17 febrero 2022

El gallinero


Este fue uno de los cuentos que deseché del libro Por qué decimos adiós cuando pasan los trenes. Hace unos días di con él y me pareció que encajaba perfecto en Atlántida, en cuya edición y revisión trabajo. Ahora tengo que hacerle lugar en uno de los capítulos.

Era un pequeño rectángulo de mampostería con techo de tejas y pintado con cal viva. Escritas a mano alzada sobre su única puerta había tres letras: “P.N.R.”. Aunque era un cuartel, alguien dijo que parecía un gallinero y el nombre se le quedó. La celda tenía un candado del tiempo de España. Su llave era enorme y colgaba del cinto de Meneses.

Atlántida y Aurelio lloraban de la risa cada vez que Rao recordaba al muchacho de Cruces que sorprendieron robando azúcar dentro de una tolva. Según mi tío abuelo, las piernas le temblaban cuando pasó esposado por la esquina. Detrás de él, iba Meneses con un máuser.

—Así, así, así —decía Rao mientras movía las piernas como si estuviera bailando charlestón—. Temblaba, temblaba, temblaba.

Cuando llegaron a la puerta del cuartel, el muchacho intentó escaparse. Meneses trató de disparar al aire y el máuser reventó. Los dos se asustaron tanto que se tiraron al suelo. Todos los que vieron la escena se murieron de la risa, igual que Aurelio y Atlántida cada vez que Rao hacía el cuento.

—El muchacho aullaba, aullaba, aullaba —contaba Rao—. Aaauuu, aaauuu, aaauuu.

Según mi tío abuelo, esa noche no dejó dormir a nadie con sus gritos. Al otro día, cuando vino el Jeep de cuatro puertas de la policía de Cruces, los que viven alrededor del cuartel sintieron un gran alivio. “Esta noche podremos dormir”, se decían a través de los portales y de las cercas de los patios.

Según Rao, desde que construyeron el cuartel, Meneses solo sabía decir que el que no anduviera derechito se lo llevaba preso. “Ve y dile a Castellanos que te pele o te llevo para el cuartel”, “vístete como se visten los hombres o te llevo para el cuartel”, “apaga esa música americana o te llevo para el cuartel”.

No pocos viajeros acabaron en el cuartel. Meneses los esperaba en la carreterita para registrarles el equipaje. A un hombre que se bajó del tren de Cumanayagua le quitó un paquete de café y le dijo que lo acompañara. “¡Pal gallinero!”, susurraron los borrachos en el bar cuando los vieron pasar.

A un viejo que llegó de Potrerillo con un saco a cuestas le hizo tirarlo en medio de la calle y abrirlo. Eran frijoles negros.
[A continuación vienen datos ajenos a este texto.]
(* Let $n\ge 1$, let $\Omega\subset\mathbb{R}^n$ be a domain, and let $\boldsymbol{\alpha}:\mathbb{R}^n\times\mathbb{R}^n\to\mathbb{R}^n$ be a nonlocal weight function satisfying $\boldsymbol{\alpha}(\mathbf{x},\mathbf{x}')=-\boldsymbol{\alpha}(\mathbf{x}',\mathbf{x})$ for all $\mathbf{x},\mathbf{x}'$. Define the interaction (volume-constrained boundary) region $$\Omega_\tau=\{\mathbf{x}'\in\mathbb{R}^n\setminus\Omega \;:\; \exists\,\mathbf{x}\in\Omega \text{ with } \boldsymbol{\alpha}(\mathbf{x},\mathbf{x}')\neq\mathbf{0}\}.$$ Let $\boldsymbol{\Theta}(\mathbf{x},\mathbf{x}')$ be a fourth-order tensor field on $(\Omega\cup\Omega_\tau)\times(\Omega\cup\Omega_\tau)$ with components satisfying $\Theta_{ijkl}=\Theta_{jikl}=\Theta_{ijlk}=\Theta_{klij}$ and $\boldsymbol{\Theta}(\mathbf{x},\mathbf{x}')=\boldsymbol{\Theta}(\mathbf{x}',\mathbf{x})$. For vector fields $\mathbf{w}$ on $\Omega\cup\Omega_\tau$ and second-order tensor fields $\boldsymbol{\Psi}(\mathbf{x},\mathbf{x}')$ on $(\Omega\cup\Omega_\tau)^2$ define $$\mathcal{D}^*(\mathbf{w})(\mathbf{x},\mathbf{x}')=-[\mathbf{w}(\mathbf{x}')-\mathbf{w}(\mathbf{x})]\otimes\boldsymbol{\alpha}(\mathbf{x},\mathbf{x}'),$$ $$\mathcal{D}(\boldsymbol{\Psi})(\mathbf{x})=\int_{\Omega\cup\Omega_\tau}[\boldsymbol{\Psi}(\mathbf{x},\mathbf{x}')+\boldsymbol{\Psi}(\mathbf{x}',\mathbf{x})]\cdot\boldsymbol{\alpha}(\mathbf{x},\mathbf{x}')\,dV_{\mathbf{x}'}\quad(\mathbf{x}\in\Omega),$$ $$\mathcal{N}(\boldsymbol{\Psi})(\mathbf{x})=-\int_{\Omega\cup\Omega_\tau}[\boldsymbol{\Psi}(\mathbf{x},\mathbf{x}')+\boldsymbol{\Psi}(\mathbf{x}',\mathbf{x})]\cdot\boldsymbol{\alpha}(\mathbf{x},\mathbf{x}')\,dV_{\mathbf{x}'}\quad(\mathbf{x}\in\Omega_\tau),$$ where $(\boldsymbol{\Theta}:\mathbf{A})_{ij}=\Theta_{ijkl}A_{kl}$ and $(\boldsymbol{\Psi}\cdot\boldsymbol{\alpha})_i=\Psi_{ij}\alpha_j$. Then for any two vector fields $\mathbf{v}_1,\mathbf{v}_2$ on $\Omega\cup\Omega_\tau$ for which all the integrals involved converge absolutely, $$\int_{\Omega}\Big[\mathbf{v}_1(\mathbf{x})\cdot\mathcal{D}\big(\boldsymbol{\Theta}:\mathcal{D}^*(\mathbf{v}_2)\big)(\mathbf{x})-\mathbf{v}_2(\mathbf{x})\cdot\mathcal{D}\big(\boldsymbol{\Theta}:\mathcal{D}^*(\mathbf{v}_1)\big)(\mathbf{x})\Big]dV_{\mathbf{x}}$$ $$=\int_{\Omega_\tau}\Big[\mathbf{v}_1(\mathbf{x})\cdot\mathcal{N}\big(\boldsymbol{\Theta}:\mathcal{D}^*(\mathbf{v}_2)\big)(\mathbf{x})-\mathbf{v}_2(\mathbf{x})\cdot\mathcal{N}\big(\boldsymbol{\Theta}:\mathcal{D}^*(\mathbf{v}_1)\big)(\mathbf{x})\Big]dV_{\mathbf{x}}.$$
   Context: This is the nonlocal (peridynamic) reciprocal theorem for linear elasticity, formulated with the nonlocal divergence operator $\mathcal{D}$, its adjoint-type operator $\mathcal{D}^*$, and the nonlocal interaction (traction) operator $\mathcal{N}$. Since $\boldsymbol{\alpha}(\mathbf{x},\mathbf{x}')\ne\mathbf{0}$ with $\mathbf{x}\in\Omega$ forces $\mathbf{x}'\in\Omega\cup\Omega_\tau$, integrating over $\Omega\cup\Omega_\tau$ in $\mathcal{D}$ is the same as integrating over $\mathbb{R}^n$. Note $\Omega\cap\Omega_\tau=\emptyset$. *)

theory Defs
  imports "HOL-Analysis.Analysis"
begin

text \<open>Points of R^n are of type real^'n; second-order tensor fields on pairs of
points are functions x x' i j; the fourth-order field Theta is x x' i j k l.\<close>

definition interaction_region ::
  "(real^'n) set \<Rightarrow> (real^'n \<Rightarrow> real^'n \<Rightarrow> real^'n) \<Rightarrow> (real^'n) set" where
  "interaction_region \<Omega> \<alpha> = {x'. x' \<notin> \<Omega> \<and> (\<exists>x\<in>\<Omega>. \<alpha> x x' \<noteq> 0)}"

definition Dstar ::
  "(real^'n \<Rightarrow> real^'n) \<Rightarrow> (real^'n \<Rightarrow> real^'n \<Rightarrow> real^'n)
   \<Rightarrow> real^'n \<Rightarrow> real^'n \<Rightarrow> 'n \<Rightarrow> 'n \<Rightarrow> real" where
  "Dstar w \<alpha> x x' i j = - ((w x' $ i - w x $ i) * (\<alpha> x x' $ j))"

definition ddot ::
  "(real^'n \<Rightarrow> real^'n \<Rightarrow> 'n \<Rightarrow> 'n \<Rightarrow> 'n \<Rightarrow> 'n \<Rightarrow> real)
   \<Rightarrow> (real^'n \<Rightarrow> real^'n \<Rightarrow> 'n \<Rightarrow> 'n \<Rightarrow> real)
   \<Rightarrow> real^'n \<Rightarrow> real^'n \<Rightarrow> 'n \<Rightarrow> 'n \<Rightarrow> real" where
  "ddot \<Theta> A x x' i j = (\<Sum>k\<in>UNIV. \<Sum>l\<in>UNIV. \<Theta> x x' i j k l * A x x' k l)"

definition sym_dot ::
  "(real^'n \<Rightarrow> real^'n \<Rightarrow> real^'n) \<Rightarrow> (real^'n \<Rightarrow> real^'n \<Rightarrow> 'n \<Rightarrow> 'n \<Rightarrow> real)
   \<Rightarrow> real^'n \<Rightarrow> real^'n \<Rightarrow> 'n \<Rightarrow> real" where
  "sym_dot \<alpha> \<Psi> x x' i = (\<Sum>j\<in>UNIV. (\<Psi> x x' i j + \<Psi> x' x i j) * (\<alpha> x x' $ j))"

text \<open>Nonlocal divergence D (meaningful for x in Omega), U = Omega union Omega_tau\<close>
definition Dop ::
  "(real^'n) set \<Rightarrow> (real^'n \<Rightarrow> real^'n \<Rightarrow> real^'n)
   \<Rightarrow> (real^'n \<Rightarrow> real^'n \<Rightarrow> 'n \<Rightarrow> 'n \<Rightarrow> real) \<Rightarrow> real^'n \<Rightarrow> real^'n" where
  "Dop U \<alpha> \<Psi> x = (\<chi> i. LINT x':U|lborel. sym_dot \<alpha> \<Psi> x x' i)"

text \<open>Nonlocal interaction operator N (meaningful for x in Omega_tau)\<close>
definition Nop ::
  "(real^'n) set \<Rightarrow> (real^'n \<Rightarrow> real^'n \<Rightarrow> real^'n)
   \<Rightarrow> (real^'n \<Rightarrow> real^'n \<Rightarrow> 'n \<Rightarrow> 'n \<Rightarrow> real) \<Rightarrow> real^'n \<Rightarrow> real^'n" where
  "Nop U \<alpha> \<Psi> x = (\<chi> i. - (LINT x':U|lborel. sym_dot \<alpha> \<Psi> x x' i))"

end

theory Submission
  imports Defs
begin

text \<open>Write \<open>\<Psi>_w = \<Theta> : D*(w)\<close>.  The integrand of \<open>D(\<Psi>_w)\<close> is the pair force
  \<open>f_w(x,x') = -2 Q(x,x') (w(x') - w(x))\<close>, where \<open>Q(x,x')_ik = \<Theta>_ijkl \<alpha>_j \<alpha>_l\<close> is the
  acoustic tensor of \<open>\<Theta>(x,x')\<close> in the direction \<open>\<alpha>(x,x')\<close>.  The major symmetry of \<open>\<Theta>\<close>
  makes \<open>Q\<close> symmetric, and \<open>\<Theta>(x',x) = \<Theta>(x,x')\<close>, \<open>\<alpha>(x',x) = -\<alpha>(x,x')\<close> make it invariant
  under exchanging \<open>x\<close> and \<open>x'\<close>.  Hence the reciprocal work density
  \<open>g(x,x') = v1(x)\<cdot>f_v2(x,x') - v2(x)\<cdot>f_v1(x,x')\<close> is antisymmetric and integrates to zero over
  \<open>U \<times> U\<close>.  Splitting \<open>U = \<Omega> \<union> \<Omega>\<tau>\<close> in the first variable, Fubini identifies the
  \<open>\<Omega>\<close>-part with the left-hand side and, since \<open>N = -D\<close>, the \<open>\<Omega>\<tau>\<close>-part with minus the
  right-hand side.\<close>

lemma set_integrable_sum:
  fixes f :: "'i \<Rightarrow> 'a \<Rightarrow> 'b::{banach, second_countable_topology}"
  assumes "\<And>i. i \<in> I \<Longrightarrow> set_integrable M A (f i)"
  shows "set_integrable M A (\<lambda>x. \<Sum>i\<in>I. f i x)"
  using assms unfolding set_integrable_def by (simp add: scaleR_sum_right)

lemma set_integral_sum:
  fixes f :: "'i \<Rightarrow> 'a \<Rightarrow> 'b::{banach, second_countable_topology}"
  assumes "\<And>i. i \<in> I \<Longrightarrow> set_integrable M A (f i)"
  shows "(LINT x:A|M. \<Sum>i\<in>I. f i x) = (\<Sum>i\<in>I. LINT x:A|M. f i x)"
  using assms unfolding set_integrable_def set_lebesgue_integral_def
  by (simp add: scaleR_sum_right integral_sum)

lemma set_integrable_Un_disjoint:
  fixes f :: "'a \<Rightarrow> 'b::{banach, second_countable_topology}"
  assumes "A \<inter> B = {}" "set_integrable M A f" "set_integrable M B f"
  shows "set_integrable M (A \<union> B) f"
proof -
  have "(\<lambda>x. indicator (A \<union> B) x *\<^sub>R f x) = (\<lambda>x. indicator A x *\<^sub>R f x + indicator B x *\<^sub>R f x)"
    using assms(1) by (auto simp: fun_eq_iff split: split_indicator)
  then show ?thesis
    using assms(2,3) unfolding set_integrable_def by simp
qed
Después de decirle que ese saco debía de estar en Acopio y no en manos de un particular, le dijo que lo acompañara. “¡Pal gallinero!”, susurraron los borrachos.

Lo mismo le pasó a una mujer que venía de Sagua la Grande a cambiar botellas de cloro por cartones de huevos. Pero esa vez el único de los borrachos que dijo algo fue Cuquito Yero. “No seas abusador, chico —susurró—, con lo buena que está”. Meneses se detuvo y le ordenó a la mujer que hiciera lo mismo.

—¿Qué tu dijiste?

—¿Y a ti que te importa lo que yo dije?

—No le faltes el respeto a la autoridad.

—Qué autoridad, ni autoridad, tú lo que eres es un abusador.

Meneses le quitó las esposas a la mujer y se las puso a Cuquito, quien no dejaba de tambalearse y apenas podía unir los brazos. La mujer permitió que mi tío abuelo se recostara a ella para que pudiera mantener el equilibrio. “¡Pal gallinero!”, susurraron los borrachos.

—¿De dónde tú eres, mi vida? —preguntó Cuquito.

—De Palmira —respondió la mujer.

—Cuando salgamos de esta, te voy a hacer la visita para que me cueles un café.

—Vamos a ver si se callan los detenidos —gritó Meneses, mientras jugaba con la soguita donde tenía atada la llave del candado del tiempo de España. Cuando el Jeep de cuatro puertas se llevó a Cuquito para Cruces, los borrachos lo aplaudieron como a un héroe.

—¡Viva Cuquitooo! —gritó Cundunga.

—Si vuelves a decir algo, aunque sea media palabra —le advirtió Meneses—, te llevo para el cuartel.

—Al principio el gallinero no nos dejaba dormir —dijo Cundunga mientras le ponían las esposas—, pero ahora no nos deja vivir.